**Records for the exercise**
--------------------
lemma esym_reduced_prod: "(\<And>a. a \<in> A \<Longrightarrow> esym_reduced N (f a)) \<Longrightarrow> esym_reduced N (\<lambda>v. \<Prod>a\<in>A. f a v)"
proof (induction A rule: infinite_finite_induct)
  case (infinite A) then show ?case by (simp add: esym_reduced_const)
next
  case empty then show ?case by (simp add: esym_reduced_const)
next
  case (insert x F) then show ?case by (simp add: esym_reduced_mult)
qed

lemma esym_reduced_power: "esym_reduced N f \<Longrightarrow> esym_reduced N (\<lambda>v. f v ^ m)"
  by (induction m) (auto simp: esym_reduced_const esym_reduced_mult)

lemma esym_reduced_diff: "esym_reduced N f \<Longrightarrow> esym_reduced N g \<Longrightarrow> esym_reduced N (\<lambda>v. f v - g v)"
proof -
  assume "esym_reduced N f" "esym_reduced N g"
  then have "esym_reduced N (\<lambda>v. g v * (\<lambda>_. -1) (esym_subst (Suc N) v))" by (intro esym_reduced_scale) auto
  then have "esym_reduced N (\<lambda>v. f v + g v * (\<lambda>_. -1) (esym_subst (Suc N) v))" using \<open>esym_reduced N f\<close> by (rule esym_reduced_add[rotated])
  then show ?thesis by simp
qed

lemma esym_reduced_mpeval: "(\<And>j. esym_reduced N (\<lambda>v. w v j)) \<Longrightarrow> esym_reduced N (\<lambda>v. mpeval (w v) P)"
  unfolding mpeval_def mmono_def
  by (intro esym_reduced_sum esym_reduced_mult esym_reduced_prod esym_reduced_power esym_reduced_const)

lemma esym_reduced_last_var: "esym_reduced N (\<lambda>v. v N)"
  using esym_reduced_mult_last_var[OF esym_reduced_const[of N 1]] by simp

lemma esym_reduced_esym: "esym_reduced N (\<lambda>v. esym k {..<N} v)"
proof (induction k)
  case 0 then show ?case by (simp add: esym_0 esym_reduced_const)
next
  case (Suc k)
  have ins: "{..<Suc N} = insert N {..<N}" by auto
  have E: "esym (Suc k) {..<N} v = esym (Suc k) {..<Suc N} v - v N * esym k {..<N} v" for v :: "nat \<Rightarrow> int"
    unfolding ins by (simp add: esym_insert)
  have 1: "esym_reduced N (\<lambda>v. esym (Suc k) {..<Suc N} v)"
  proof (cases "k < Suc N")
    case True
    then have "\<And>v::nat\<Rightarrow>int. esym (Suc k) {..<Suc N} v = esym_subst (Suc N) v k" by (simp add: esym_subst_def)
    then show ?thesis using esym_reduced_comp_esym_subst_Suc[of "\<lambda>w. w k" N] by simp
  next
    case False
    then have "\<And>v::nat\<Rightarrow>int. esym (Suc k) {..<Suc N} v = 0" by (intro esym_gt) auto
    then show ?thesis by (simp add: esym_reduced_const)
  qed
  have 2: "esym_reduced N (\<lambda>v. esym k {..<N} v * v N)" by (rule esym_reduced_mult_last_var[OF Suc.IH])
  show ?case unfolding E using esym_reduced_diff[OF 1 2] by (simp add: mult_ac)
qed

lemma esym_reduced_esym_subst: "esym_reduced N (\<lambda>v. esym_subst N v j)"
proof -
  consider "j < N" | "j = N" | "j > N" by linarith
  then show ?thesis
  proof cases
    case 1 then show ?thesis by (simp add: esym_subst_def esym_reduced_esym)
  next
    case 2 then show ?thesis by (simp add: esym_subst_def esym_reduced_last_var)
  next
    case 3
    then have "\<And>v::nat\<Rightarrow>int. esym_subst N v j = esym_subst (Suc N) v j" by (simp add: esym_subst_def)
    then show ?thesis using esym_reduced_comp_esym_subst_Suc[of "\<lambda>w. w j" N] by simp
  qed
qed

lemma esym_subst_0: "esym_subst 0 v = v"
  by (simp add: esym_subst_def fun_eq_iff)

text \<open>The polynomial \<open>\<Sum>k\<le>N. G k (esym_subst (Suc N) v) t\<^sup>k\<close> of degree \<open>\<le> N\<close> takes the value
  \<open>F v\<close> at the \<open>N + 1\<close> distinct points \<open>v 0, \<dots>, v N\<close>, so it is constant.\<close>

lemma symmetric_esym_reduced_eq_const_coeff:
  fixes F :: "(nat \<Rightarrow> 'a::idom) \<Rightarrow> 'a"
  assumes sym: "symmetric_fun (Suc N) F"
    and F: "\<And>v. F v = (\<Sum>k\<le>N. G k (esym_subst (Suc N) v) * v N ^ k)"
    and inj: "inj_on v {..<Suc N}"
  shows "F v = G 0 (esym_subst (Suc N) v)"
proof -
  let ?w = "esym_subst (Suc N) v"
  let ?p = "\<Sum>k\<le>N. monom (G k ?w) k"
  have "poly ?p x = poly [:F v:] x" if "x \<in> v ` {..<Suc N}" for x
  proof -
    obtain i where i: "i < Suc N" "x = v i" using \<open>x \<in> v ` {..<Suc N}\<close> by auto
    have "F v = F (\<lambda>k. v (transpose i N k))"
      using sym i unfolding symmetric_fun_def by auto
    also have "\<dots> = (\<Sum>k\<le>N. G k ?w * v i ^ k)"
      using i by (simp add: F esym_subst_transpose)
    finally show ?thesis using i by (simp add: poly_sum poly_monom)
  qed
  moreover have "degree ?p \<le> N"
    by (intro degree_sum_le) (auto intro: order.trans[OF degree_monom_le])
  ultimately have "?p = [:F v:]"
    by (intro poly_eqI_degree[where A = "v ` {..<Suc N}"]) (auto simp: card_image[OF inj])
  then have "coeff ?p 0 = F v" by simp
  then show ?thesis by (simp add: coeff_sum coeff_monom)
qed

theorem symmetric_int_poly_fun_esym:
  assumes "int_poly_fun F" "symmetric_fun N F"
  shows "\<exists>G. int_poly_fun G \<and> (\<forall>v. F v = G (esym_subst N v))"
  using assms
proof (induction N arbitrary: F)
  case 0
  then show ?case by (intro exI[of _ F]) (simp add: esym_subst_0)
next
  case (Suc N)
  have "symmetric_fun N F" using Suc.prems(2) unfolding symmetric_fun_def by auto
  then obtain G1 where G1: "int_poly_fun G1" "\<And>v. F v = G1 (esym_subst N v)"
    using Suc.IH Suc.prems(1) by blast
  obtain P1 where P1: "\<And>v. G1 v = mpeval v P1" using G1(1) unfolding int_poly_fun_def by blast
  have "esym_reduced N (\<lambda>v. mpeval (esym_subst N v) P1)"
    by (rule esym_reduced_mpeval[OF esym_reduced_esym_subst])
  moreover have "F = (\<lambda>v. mpeval (esym_subst N v) P1)" using G1(2) P1 by (simp add: fun_eq_iff)
  ultimately have "esym_reduced N F" by simp
  then obtain G where G: "\<forall>k. int_poly_fun (G k)" "\<forall>v. F v = (\<Sum>k\<le>N. G k (esym_subst (Suc N) v) * v N ^ k)"
    unfolding esym_reduced_def by blast
  have diff: "int_poly_fun (\<lambda>v. F v - G 0 (esym_subst (Suc N) v))"
    using Suc.prems(1) G(1) by (intro int_poly_fun_diff int_poly_fun_comp_esym_subst) auto
  have inj_case: "F v = G 0 (esym_subst (Suc N) v)" if "inj_on v {..<Suc N}" for v
    by (rule symmetric_esym_reduced_eq_const_coeff[OF Suc.prems(2) _ that]) (use G(2) in blast)
  have "F v - G 0 (esym_subst (Suc N) v) = 0" for v
    by (rule poly_fun_zero_from_inj[OF int_poly_fun_poly_fun[OF diff], of "Suc N"]) (simp add: inj_case)
  then show ?case using G(1) by (intro exI[of _ "G 0"]) auto
qed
--------------------
**Problem description**
Your task is to retype the data exactly, with no line missing.

**Solution to this exercise**
lemma esym_reduced_prod: "(\<And>a. a \<in> A \<Longrightarrow> esym_reduced N (f a)) \<Longrightarrow> esym_reduced N (\<lambda>v. \<Prod>a\<in>A. f a v)"
proof (induction A rule: infinite_finite_induct)
  case (infinite A) then show ?case by (simp add: esym_reduced_const)
next
  case empty then show ?case by (simp add: esym_reduced_const)
next
  case (insert x F) then show ?case by (simp add: esym_reduced_mult)
qed

lemma esym_reduced_power: "esym_reduced N f \<Longrightarrow> esym_reduced N (\<lambda>v. f v ^ m)"
  by (induction m) (auto simp: esym_reduced_const esym_reduced_mult)

lemma esym_reduced_diff: "esym_reduced N f \<Longrightarrow> esym_reduced N g \<Longrightarrow> esym_reduced N (\<lambda>v. f v - g v)"
proof -
  assume "esym_reduced N f" "esym_reduced N g"
  then have "esym_reduced N (\<lambda>v. g v * (\<lambda>_. -1) (esym_subst (Suc N) v))" by (intro esym_reduced_scale) auto
  then have "esym_reduced N (\<lambda>v. f v + g v * (\<lambda>_. -1) (esym_subst (Suc N) v))" using \<open>esym_reduced N f\<close> by (rule esym_reduced_add[rotated])
  then show ?thesis by simp
qed

lemma esym_reduced_mpeval: "(\<And>j. esym_reduced N (\<lambda>v. w v j)) \<Longrightarrow> esym_reduced N (\<lambda>v. mpeval (w v) P)"
  unfolding mpeval_def mmono_def
  by (intro esym_reduced_sum esym_reduced_mult esym_reduced_prod esym_reduced_power esym_reduced_const)

lemma esym_reduced_last_var: "esym_reduced N (\<lambda>v. v N)"
  using esym_reduced_mult_last_var[OF esym_reduced_const[of N 1]] by simp

lemma esym_reduced_esym: "esym_reduced N (\<lambda>v. esym k {..<N} v)"
proof (induction k)
  case 0 then show ?case by (simp add: esym_0 esym_reduced_const)
next
  case (Suc k)
  have ins: "{..<Suc N} = insert N {..<N}" by auto
  have E: "esym (Suc k) {..<N} v = esym (Suc k) {..<Suc N} v - v N * esym k {..<N} v" for v :: "nat \<Rightarrow> int"
    unfolding ins by (simp add: esym_insert)
  have 1: "esym_reduced N (\<lambda>v. esym (Suc k) {..<Suc N} v)"
  proof (cases "k < Suc N")
    case True
    then have "\<And>v::nat\<Rightarrow>int. esym (Suc k) {..<Suc N} v = esym_subst (Suc N) v k" by (simp add: esym_subst_def)
    then show ?thesis using esym_reduced_comp_esym_subst_Suc[of "\<lambda>w. w k" N] by simp
  next
    case False
    then have "\<And>v::nat\<Rightarrow>int. esym (Suc k) {..<Suc N} v = 0" by (intro esym_gt) auto
    then show ?thesis by (simp add: esym_reduced_const)
  qed
  have 2: "esym_reduced N (\<lambda>v. esym k {..<N} v * v N)" by (rule esym_reduced_mult_last_var[OF Suc.IH])
  show ?case unfolding E using esym_reduced_diff[OF 1 2] by (simp add: mult_ac)
qed

lemma esym_reduced_esym_subst: "esym_reduced N (\<lambda>v. esym_subst N v j)"
proof -
  consider "j < N" | "j = N" | "j > N" by linarith
  then show ?thesis
  proof cases
    case 1 then show ?thesis by (simp add: esym_subst_def esym_reduced_esym)
  next
    case 2 then show ?thesis by (simp add: esym_subst_def esym_reduced_last_var)
  next
    case 3
    then have "\<And>v::nat\<Rightarrow>int. esym_subst N v j = esym_subst (Suc N) v j" by (simp add: esym_subst_def)
    then show ?thesis using esym_reduced_comp_esym_subst_Suc[of "\<lambda>w. w j" N] by simp
  qed
qed

lemma esym_subst_0: "esym_subst 0 v = v"
  by (simp add: esym_subst_def fun_eq_iff)

text \<open>The polynomial \<open>\<Sum>k\<le>N. G k (esym_subst (Suc N) v) t\<^sup>k\<close> of degree \<open>\<le> N\<close> takes the value
  \<open>F v\<close> at the \<open>N + 1\<close> distinct points \<open>v 0, \<dots>, v N\<close>, so it is constant.\<close>

lemma symmetric_esym_reduced_eq_const_coeff:
  fixes F :: "(nat \<Rightarrow> 'a::idom) \<Rightarrow> 'a"
  assumes sym: "symmetric_fun (Suc N) F"
    and F: "\<And>v. F v = (\<Sum>k\<le>N. G k (esym_subst (Suc N) v) * v N ^ k)"
    and inj: "inj_on v {..<Suc N}"
  shows "F v = G 0 (esym_subst (Suc N) v)"
proof -
  let ?w = "esym_subst (Suc N) v"
  let ?p = "\<Sum>k\<le>N. monom (G k ?w) k"
  have "poly ?p x = poly [:F v:] x" if "x \<in> v ` {..<Suc N}" for x
  proof -
    obtain i where i: "i < Suc N" "x = v i" using \<open>x \<in> v ` {..<Suc N}\<close> by auto
    have "F v = F (\<lambda>k. v (transpose i N k))"
      using sym i unfolding symmetric_fun_def by auto
    also have "\<dots> = (\<Sum>k\<le>N. G k ?w * v i ^ k)"
      using i by (simp add: F esym_subst_transpose)
    finally show ?thesis using i by (simp add: poly_sum poly_monom)
  qed
  moreover have "degree ?p \<le> N"
    by (intro degree_sum_le) (auto intro: order.trans[OF degree_monom_le])
  ultimately have "?p = [:F v:]"
    by (intro poly_eqI_degree[where A = "v ` {..<Suc N}"]) (auto simp: card_image[OF inj])
  then have "coeff ?p 0 = F v" by simp
  then show ?thesis by (simp add: coeff_sum coeff_monom)
qed

theorem symmetric_int_poly_fun_esym:
  assumes "int_poly_fun F" "symmetric_fun N F"
  shows "\<exists>G. int_poly_fun G \<and> (\<forall>v. F v = G (esym_subst N v))"
  using assms
proof (induction N arbitrary: F)
  case 0
  then show ?case by (intro exI[of _ F]) (simp add: esym_subst_0)
next
  case (Suc N)
  have "symmetric_fun N F" using Suc.prems(2) unfolding symmetric_fun_def by auto
  then obtain G1 where G1: "int_poly_fun G1" "\<And>v. F v = G1 (esym_subst N v)"
    using Suc.IH Suc.prems(1) by blast
  obtain P1 where P1: "\<And>v. G1 v = mpeval v P1" using G1(1) unfolding int_poly_fun_def by blast
  have "esym_reduced N (\<lambda>v. mpeval (esym_subst N v) P1)"
    by (rule esym_reduced_mpeval[OF esym_reduced_esym_subst])
  moreover have "F = (\<lambda>v. mpeval (esym_subst N v) P1)" using G1(2) P1 by (simp add: fun_eq_iff)
  ultimately have "esym_reduced N F" by simp
  then obtain G where G: "\<forall>k. int_poly_fun (G k)" "\<forall>v. F v = (\<Sum>k\<le>N. G k (esym_subst (Suc N) v) * v N ^ k)"
    unfolding esym_reduced_def by blast
  have diff: "int_poly_fun (\<lambda>v. F v - G 0 (esym_subst (Suc N) v))"
    using Suc.prems(1) G(1) by (intro int_poly_fun_diff int_poly_fun_comp_esym_subst) auto
  have inj_case: "F v = G 0 (esym_subst (Suc N) v)" if "inj_on v {..<Suc N}" for v
    by (rule symmetric_esym_reduced_eq_const_coeff[OF Suc.prems(2) _ that]) (use G(2) in blast)
  have "F v - G 0 (esym_subst (Suc N) v) = 0" for v
    by (rule poly_fun_zero_from_inj[OF int_poly_fun_poly_fun[OF diff], of "Suc N"]) (simp add: inj_case)
  then show ?case using G(1) by (intro exI[of _ "G 0"]) auto
qed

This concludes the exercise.